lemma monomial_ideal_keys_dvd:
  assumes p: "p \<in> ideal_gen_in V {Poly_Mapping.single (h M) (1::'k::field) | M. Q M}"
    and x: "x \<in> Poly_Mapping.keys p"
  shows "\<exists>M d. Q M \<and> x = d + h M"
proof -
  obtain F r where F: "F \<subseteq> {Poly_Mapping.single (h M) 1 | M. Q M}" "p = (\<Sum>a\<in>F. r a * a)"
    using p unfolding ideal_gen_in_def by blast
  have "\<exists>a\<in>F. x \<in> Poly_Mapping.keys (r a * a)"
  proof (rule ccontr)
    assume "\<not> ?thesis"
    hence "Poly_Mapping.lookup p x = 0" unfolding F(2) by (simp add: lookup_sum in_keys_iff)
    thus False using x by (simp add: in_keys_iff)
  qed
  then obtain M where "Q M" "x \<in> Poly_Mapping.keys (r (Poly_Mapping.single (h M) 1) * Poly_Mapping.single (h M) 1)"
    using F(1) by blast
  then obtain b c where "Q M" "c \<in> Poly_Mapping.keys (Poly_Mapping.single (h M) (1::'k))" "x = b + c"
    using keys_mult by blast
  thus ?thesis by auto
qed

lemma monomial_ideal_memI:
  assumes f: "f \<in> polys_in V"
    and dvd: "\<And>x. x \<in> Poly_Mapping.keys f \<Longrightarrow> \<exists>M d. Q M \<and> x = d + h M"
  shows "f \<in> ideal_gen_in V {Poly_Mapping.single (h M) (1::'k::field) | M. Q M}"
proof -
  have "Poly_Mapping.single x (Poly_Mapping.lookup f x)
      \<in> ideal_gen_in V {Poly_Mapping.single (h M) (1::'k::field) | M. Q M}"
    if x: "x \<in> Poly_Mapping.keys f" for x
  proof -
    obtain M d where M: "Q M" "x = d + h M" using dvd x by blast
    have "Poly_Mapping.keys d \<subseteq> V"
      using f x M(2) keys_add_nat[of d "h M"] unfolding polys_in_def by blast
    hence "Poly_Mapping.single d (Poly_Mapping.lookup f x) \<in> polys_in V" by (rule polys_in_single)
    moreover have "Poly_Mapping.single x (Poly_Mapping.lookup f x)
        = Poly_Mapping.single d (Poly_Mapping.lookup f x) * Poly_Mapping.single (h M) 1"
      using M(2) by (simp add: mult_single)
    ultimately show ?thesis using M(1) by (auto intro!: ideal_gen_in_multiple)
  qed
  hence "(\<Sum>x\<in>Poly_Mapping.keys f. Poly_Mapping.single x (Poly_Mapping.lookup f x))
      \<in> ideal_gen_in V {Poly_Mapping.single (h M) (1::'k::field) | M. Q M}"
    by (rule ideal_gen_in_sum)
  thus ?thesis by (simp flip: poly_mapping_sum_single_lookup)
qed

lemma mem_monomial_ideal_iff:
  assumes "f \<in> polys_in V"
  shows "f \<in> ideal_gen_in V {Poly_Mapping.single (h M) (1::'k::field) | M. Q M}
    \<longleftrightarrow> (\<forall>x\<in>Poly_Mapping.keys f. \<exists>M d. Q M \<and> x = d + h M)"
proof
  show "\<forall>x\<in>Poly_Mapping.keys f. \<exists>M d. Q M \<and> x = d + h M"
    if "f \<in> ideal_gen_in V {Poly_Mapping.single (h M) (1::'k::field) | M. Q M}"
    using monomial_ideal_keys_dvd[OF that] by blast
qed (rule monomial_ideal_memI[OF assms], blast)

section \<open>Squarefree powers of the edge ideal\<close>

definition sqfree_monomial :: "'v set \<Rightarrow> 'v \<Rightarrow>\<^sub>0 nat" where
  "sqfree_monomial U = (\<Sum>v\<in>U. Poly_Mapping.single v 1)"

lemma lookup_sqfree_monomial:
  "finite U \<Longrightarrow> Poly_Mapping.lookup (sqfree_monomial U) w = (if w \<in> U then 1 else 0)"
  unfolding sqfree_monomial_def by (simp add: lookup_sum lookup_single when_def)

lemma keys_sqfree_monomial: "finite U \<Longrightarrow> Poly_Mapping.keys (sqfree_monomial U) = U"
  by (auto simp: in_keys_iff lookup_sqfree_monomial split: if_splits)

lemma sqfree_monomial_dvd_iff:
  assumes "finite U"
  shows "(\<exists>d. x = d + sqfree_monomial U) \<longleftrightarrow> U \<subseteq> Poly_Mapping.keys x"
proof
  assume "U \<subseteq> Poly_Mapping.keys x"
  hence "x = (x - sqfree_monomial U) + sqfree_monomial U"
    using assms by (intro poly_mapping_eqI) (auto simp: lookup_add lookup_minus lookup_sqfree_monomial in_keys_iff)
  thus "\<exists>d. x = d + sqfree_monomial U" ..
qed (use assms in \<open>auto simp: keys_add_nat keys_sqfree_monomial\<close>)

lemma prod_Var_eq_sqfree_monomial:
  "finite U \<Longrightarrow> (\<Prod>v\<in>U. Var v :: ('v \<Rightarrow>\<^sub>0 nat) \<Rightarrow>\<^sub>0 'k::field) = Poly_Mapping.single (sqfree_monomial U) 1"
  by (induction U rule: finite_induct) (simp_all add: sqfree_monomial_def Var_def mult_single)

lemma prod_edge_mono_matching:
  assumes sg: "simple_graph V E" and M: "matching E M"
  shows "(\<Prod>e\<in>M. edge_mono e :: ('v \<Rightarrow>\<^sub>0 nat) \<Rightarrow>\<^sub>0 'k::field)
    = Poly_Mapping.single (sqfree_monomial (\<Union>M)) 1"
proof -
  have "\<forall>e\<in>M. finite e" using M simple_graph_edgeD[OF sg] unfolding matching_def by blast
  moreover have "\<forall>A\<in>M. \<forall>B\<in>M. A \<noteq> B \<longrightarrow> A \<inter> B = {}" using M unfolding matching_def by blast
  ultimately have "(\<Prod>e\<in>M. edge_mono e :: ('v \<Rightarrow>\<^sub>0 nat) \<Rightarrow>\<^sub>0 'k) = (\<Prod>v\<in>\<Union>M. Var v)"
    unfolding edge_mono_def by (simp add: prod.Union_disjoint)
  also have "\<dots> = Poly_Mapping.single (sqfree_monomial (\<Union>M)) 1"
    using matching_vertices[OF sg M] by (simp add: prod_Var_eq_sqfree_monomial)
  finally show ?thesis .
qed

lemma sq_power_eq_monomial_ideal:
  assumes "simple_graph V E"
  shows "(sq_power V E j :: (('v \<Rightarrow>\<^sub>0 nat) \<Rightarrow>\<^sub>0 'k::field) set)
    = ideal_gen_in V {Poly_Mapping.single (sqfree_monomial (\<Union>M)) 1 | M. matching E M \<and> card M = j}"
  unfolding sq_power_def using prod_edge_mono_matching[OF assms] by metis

**WORK ITEM**
The entries above must each be repeated exactly.

**RESULT BELOW**
lemma monomial_ideal_keys_dvd:
  assumes p: "p \<in> ideal_gen_in V {Poly_Mapping.single (h M) (1::'k::field) | M. Q M}"
    and x: "x \<in> Poly_Mapping.keys p"
  shows "\<exists>M d. Q M \<and> x = d + h M"
proof -
  obtain F r where F: "F \<subseteq> {Poly_Mapping.single (h M) 1 | M. Q M}" "p = (\<Sum>a\<in>F. r a * a)"
    using p unfolding ideal_gen_in_def by blast
  have "\<exists>a\<in>F. x \<in> Poly_Mapping.keys (r a * a)"
  proof (rule ccontr)
    assume "\<not> ?thesis"
    hence "Poly_Mapping.lookup p x = 0" unfolding F(2) by (simp add: lookup_sum in_keys_iff)
    thus False using x by (simp add: in_keys_iff)
  qed
  then obtain M where "Q M" "x \<in> Poly_Mapping.keys (r (Poly_Mapping.single (h M) 1) * Poly_Mapping.single (h M) 1)"
    using F(1) by blast
  then obtain b c where "Q M" "c \<in> Poly_Mapping.keys (Poly_Mapping.single (h M) (1::'k))" "x = b + c"
    using keys_mult by blast
  thus ?thesis by auto
qed

lemma monomial_ideal_memI:
  assumes f: "f \<in> polys_in V"
    and dvd: "\<And>x. x \<in> Poly_Mapping.keys f \<Longrightarrow> \<exists>M d. Q M \<and> x = d + h M"
  shows "f \<in> ideal_gen_in V {Poly_Mapping.single (h M) (1::'k::field) | M. Q M}"
proof -
  have "Poly_Mapping.single x (Poly_Mapping.lookup f x)
      \<in> ideal_gen_in V {Poly_Mapping.single (h M) (1::'k::field) | M. Q M}"
    if x: "x \<in> Poly_Mapping.keys f" for x
  proof -
    obtain M d where M: "Q M" "x = d + h M" using dvd x by blast
    have "Poly_Mapping.keys d \<subseteq> V"
      using f x M(2) keys_add_nat[of d "h M"] unfolding polys_in_def by blast
    hence "Poly_Mapping.single d (Poly_Mapping.lookup f x) \<in> polys_in V" by (rule polys_in_single)
    moreover have "Poly_Mapping.single x (Poly_Mapping.lookup f x)
        = Poly_Mapping.single d (Poly_Mapping.lookup f x) * Poly_Mapping.single (h M) 1"
      using M(2) by (simp add: mult_single)
    ultimately show ?thesis using M(1) by (auto intro!: ideal_gen_in_multiple)
  qed
  hence "(\<Sum>x\<in>Poly_Mapping.keys f. Poly_Mapping.single x (Poly_Mapping.lookup f x))
      \<in> ideal_gen_in V {Poly_Mapping.single (h M) (1::'k::field) | M. Q M}"
    by (rule ideal_gen_in_sum)
  thus ?thesis by (simp flip: poly_mapping_sum_single_lookup)
qed

lemma mem_monomial_ideal_iff:
  assumes "f \<in> polys_in V"
  shows "f \<in> ideal_gen_in V {Poly_Mapping.single (h M) (1::'k::field) | M. Q M}
    \<longleftrightarrow> (\<forall>x\<in>Poly_Mapping.keys f. \<exists>M d. Q M \<and> x = d + h M)"
proof
  show "\<forall>x\<in>Poly_Mapping.keys f. \<exists>M d. Q M \<and> x = d + h M"
    if "f \<in> ideal_gen_in V {Poly_Mapping.single (h M) (1::'k::field) | M. Q M}"
    using monomial_ideal_keys_dvd[OF that] by blast
qed (rule monomial_ideal_memI[OF assms], blast)

section \<open>Squarefree powers of the edge ideal\<close>

definition sqfree_monomial :: "'v set \<Rightarrow> 'v \<Rightarrow>\<^sub>0 nat" where
  "sqfree_monomial U = (\<Sum>v\<in>U. Poly_Mapping.single v 1)"

lemma lookup_sqfree_monomial:
  "finite U \<Longrightarrow> Poly_Mapping.lookup (sqfree_monomial U) w = (if w \<in> U then 1 else 0)"
  unfolding sqfree_monomial_def by (simp add: lookup_sum lookup_single when_def)

lemma keys_sqfree_monomial: "finite U \<Longrightarrow> Poly_Mapping.keys (sqfree_monomial U) = U"
  by (auto simp: in_keys_iff lookup_sqfree_monomial split: if_splits)

lemma sqfree_monomial_dvd_iff:
  assumes "finite U"
  shows "(\<exists>d. x = d + sqfree_monomial U) \<longleftrightarrow> U \<subseteq> Poly_Mapping.keys x"
proof
  assume "U \<subseteq> Poly_Mapping.keys x"
  hence "x = (x - sqfree_monomial U) + sqfree_monomial U"
    using assms by (intro poly_mapping_eqI) (auto simp: lookup_add lookup_minus lookup_sqfree_monomial in_keys_iff)
  thus "\<exists>d. x = d + sqfree_monomial U" ..
qed (use assms in \<open>auto simp: keys_add_nat keys_sqfree_monomial\<close>)

lemma prod_Var_eq_sqfree_monomial:
  "finite U \<Longrightarrow> (\<Prod>v\<in>U. Var v :: ('v \<Rightarrow>\<^sub>0 nat) \<Rightarrow>\<^sub>0 'k::field) = Poly_Mapping.single (sqfree_monomial U) 1"
  by (induction U rule: finite_induct) (simp_all add: sqfree_monomial_def Var_def mult_single)

lemma prod_edge_mono_matching:
  assumes sg: "simple_graph V E" and M: "matching E M"
  shows "(\<Prod>e\<in>M. edge_mono e :: ('v \<Rightarrow>\<^sub>0 nat) \<Rightarrow>\<^sub>0 'k::field)
    = Poly_Mapping.single (sqfree_monomial (\<Union>M)) 1"
proof -
  have "\<forall>e\<in>M. finite e" using M simple_graph_edgeD[OF sg] unfolding matching_def by blast
  moreover have "\<forall>A\<in>M. \<forall>B\<in>M. A \<noteq> B \<longrightarrow> A \<inter> B = {}" using M unfolding matching_def by blast
  ultimately have "(\<Prod>e\<in>M. edge_mono e :: ('v \<Rightarrow>\<^sub>0 nat) \<Rightarrow>\<^sub>0 'k) = (\<Prod>v\<in>\<Union>M. Var v)"
    unfolding edge_mono_def by (simp add: prod.Union_disjoint)
  also have "\<dots> = Poly_Mapping.single (sqfree_monomial (\<Union>M)) 1"
    using matching_vertices[OF sg M] by (simp add: prod_Var_eq_sqfree_monomial)
  finally show ?thesis .
qed

lemma sq_power_eq_monomial_ideal:
  assumes "simple_graph V E"
  shows "(sq_power V E j :: (('v \<Rightarrow>\<^sub>0 nat) \<Rightarrow>\<^sub>0 'k::field) set)
    = ideal_gen_in V {Poly_Mapping.single (sqfree_monomial (\<Union>M)) 1 | M. matching E M \<and> card M = j}"
  unfolding sq_power_def using prod_edge_mono_matching[OF assms] by metis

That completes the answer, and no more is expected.